Quand « voler des emplois » est une fiction…

Souvent, nous entendons des peurs entourant les immigrants (réguliers ou irréguliers) venus « voler des jobs ». Plus que jamais, il est clair qu’une telle peur n’a pas de fondement.

Un sondage effectué par le Conseil du Patronat du Québec (CPQ) en octobre 2016 auprès de 300 employeurs d’entreprises privées a révélé que 7 entreprises sur 10 éprouvent des difficultés à recruter de la main-d’œuvre pour leurs postes les moins qualifiés. Sur ces 300 entreprises, 68% ont identifié la rareté de la main d’œuvre comme étant leur principal défi. Pour 43 % des employeurs, les services d’aide à l’emploi sont le type d’aide gouvernementale qui contribuerait le plus à l’atteinte de leurs objectifs de recrutement.

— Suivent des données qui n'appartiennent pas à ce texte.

lemma real_analytic2_at_implicit:
  fixes z :: "real \<Rightarrow> real" and T :: "real \<times> real \<Rightarrow> real" and U :: "(real \<times> real) set"
  assumes z: "real_analytic_at z 0" "deriv z 0 \<noteq> 0"
    and U: "open U" "(0, 0) \<in> U"
    and T: "(T \<longlongrightarrow> 0) (nhds (0, 0))"
    and Teq: "\<forall>u\<in>U. snd u = fst u / (deriv z (T u))\<^sup>2 + T u"
  shows "real_analytic2_at (\<lambda>u. 2 * fst u / deriv z (T u) + z (T u)) (0, 0)"
proof -
  obtain \<rho> \<delta> G where \<rho>: "0 < \<rho>" and \<delta>: "0 < \<delta>" and G: "holomorphic2_on G (ball 0 \<delta>)"
    and G_real: "\<And>p q t. \<bar>p\<bar> < \<delta> \<Longrightarrow> \<bar>q\<bar> < \<delta> \<Longrightarrow> \<bar>t\<bar> < \<rho> \<Longrightarrow> q = p / (deriv z t)\<^sup>2 + t \<Longrightarrow>
      G (of_real p) (of_real q) = of_real (2 * p / deriv z t + z t)"
    by (rule implicit_function_holomorphic2_extension[OF z]) (rule that)
  obtain c where c: "\<And>x y. norm x < \<delta> / 2 \<Longrightarrow> norm y < \<delta> / 2 \<Longrightarrow>
      ((\<lambda>(i, j). c i j * x ^ i * y ^ j) has_sum G x y) UNIV"
    using holomorphic2_on_double_series[OF G \<delta>] by blast
  have "eventually (\<lambda>u. u \<in> U \<and> norm (T u) < \<rho>) (nhds (0, 0))"
    using \<rho> U by (intro eventually_conj eventually_nhds_in_open order_tendstoD(2)[OF tendsto_norm_zero[OF T]]) auto
  then obtain \<epsilon> where \<epsilon>: "0 < \<epsilon>" and small: "\<And>u. dist u (0, 0) < \<epsilon> \<Longrightarrow> u \<in> U \<and> \<bar>T u\<bar> < \<rho>"
    unfolding eventually_nhds_metric by auto
  show ?thesis
  proof (rule real_analytic2_at_of_double_series[where R = "min \<epsilon> (\<delta> / 2)"])
    show "((\<lambda>(i, j). c i j * x ^ i * y ^ j) has_sum G x y) UNIV"
      if "norm x < min \<epsilon> (\<delta> / 2)" "norm y < min \<epsilon> (\<delta> / 2)" for x y
      using c that by simp
    fix u :: "real \<times> real" assume u: "u \<in> ball 0 (min \<epsilon> (\<delta> / 2))"
    then have "\<bar>fst u\<bar> < \<delta>" "\<bar>snd u\<bar> < \<delta>"
      using norm_fst_le[of "fst u" "snd u"] norm_snd_le[of "snd u" "fst u"] by auto
    moreover have "u \<in> U" "\<bar>T u\<bar> < \<rho>"
      using small[of u] u by (auto simp: dist_commute zero_prod_def)
    ultimately show "G (of_real (fst u)) (of_real (snd u)) = of_real (2 * fst u / deriv z (T u) + z (T u))"
      using G_real Teq by auto
  qed (use \<epsilon> \<delta> in auto)
qed

theorem lemma13:
  fixes z :: "real \<Rightarrow> real" and T :: "real \<times> real \<Rightarrow> real" and U :: "(real \<times> real) set"
  assumes C2: "\<exists>e>0. (\<forall>t\<in>ball 0 e. (z has_real_derivative deriv z t) (at t)
                        \<and> (deriv z has_real_derivative deriv (deriv z) t) (at t))
                  \<and> continuous_on (ball 0 e) (deriv (deriv z))"
    and nz: "deriv z 0 \<noteq> 0"
    and U: "open U" "(0, 0) \<in> U"
    and Tcont: "continuous_on U T"
    and T0: "T (0, 0) = 0"
    and Teq: "\<forall>u\<in>U. snd u = fst u / (deriv z (T u))\<^sup>2 + T u"
  shows "(real_analytic2_at (\<lambda>u. 2 * fst u / deriv z (T u) + z (T u)) (0, 0)
          \<and> (\<lambda>u. (2 * fst u / deriv z (T u) + z (T u)) - (fst u + snd u))
               \<in> O[nhds (0, 0)](\<lambda>u. (norm u)\<^sup>2))
     \<longleftrightarrow> (real_analytic_at z 0 \<and> (\<lambda>t. z t - t) \<in> O[nhds 0](\<lambda>t. t\<^sup>2))"
proof
  assume "real_analytic2_at (\<lambda>u. 2 * fst u / deriv z (T u) + z (T u)) (0, 0)
    \<and> (\<lambda>u. (2 * fst u / deriv z (T u) + z (T u)) - (fst u + snd u)) \<in> O[nhds (0, 0)](\<lambda>u. (norm u)\<^sup>2)"
  then show "real_analytic_at z 0 \<and> (\<lambda>t. z t - t) \<in> O[nhds 0](\<lambda>t. t\<^sup>2)"
    using implicit_function_axis_restriction[OF U Teq] by blast
next
  assume z: "real_analytic_at z 0 \<and> (\<lambda>t. z t - t) \<in> O[nhds 0](\<lambda>t. t\<^sup>2)"
  have T: "(T \<longlongrightarrow> 0) (nhds (0, 0))"
    using Tcont U T0 by (metis continuous_on_eq_continuous_at isCont_def tendsto_at_iff_tendsto_nhds)
  have "((\<lambda>t. (z t - t) + t) has_real_derivative 0 + 1) (at 0)"
    by (intro DERIV_add bigo_power2_imp_has_real_derivative_0 conjunct2[OF z] DERIV_ident)
  then have z'0: "deriv z 0 = 1"
    by (simp add: DERIV_imp_deriv)
  obtain e where "0 < e" and "\<forall>t\<in>ball 0 e. (deriv z has_real_derivative deriv (deriv z) t) (at t)"
    using C2 by blast
  then have z'': "(deriv z has_real_derivative deriv (deriv z) 0) (at 0)"
    by simp
  have "eventually (\<lambda>u. snd u = fst u / (deriv z (T u))\<^sup>2 + T u) (nhds (0, 0))"
    using eventually_nhds_in_open[OF U] by eventually_elim (use Teq in blast)
  with z'' z'0 z T show "real_analytic2_at (\<lambda>u. 2 * fst u / deriv z (T u) + z (T u)) (0, 0)
    \<and> (\<lambda>u. (2 * fst u / deriv z (T u) + z (T u)) - (fst u + snd u)) \<in> O[nhds (0, 0)](\<lambda>u. (norm u)\<^sup>2)"
    using real_analytic2_at_implicit[OF _ nz U T Teq] implicit_expansion_bigo by blast
qed

end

Bonne nouvelle! Dans son budget 2017-2018, le gouvernement Couillard  a investi 290M$ pour répondre aux besoins de main-d’œuvre[1]. Ces sommes doivent notamment permettre de promouvoir les métiers en demande, d’appuyer les entreprises dans la gestion de leur main-d’œuvre, de soutenir l’intégration des immigrants en emploi.

Cette aide gouvernementale permettra-t-elle de s’attaquer, à la source, au manque de main-d’œuvre? Pour le CPQ, seulement 9%  des 173 entreprises sondées recrutant des employés issus de groupes minoritaires, tels les migrants et les nouveaux arrivants, possèdent des mesures ou des programmes spécifiques pour favoriser l’embauche de cette main-d’œuvre. Il n’est donc pas dit qu’un immigrant qui souhaite travailler puisse travailler au Québec.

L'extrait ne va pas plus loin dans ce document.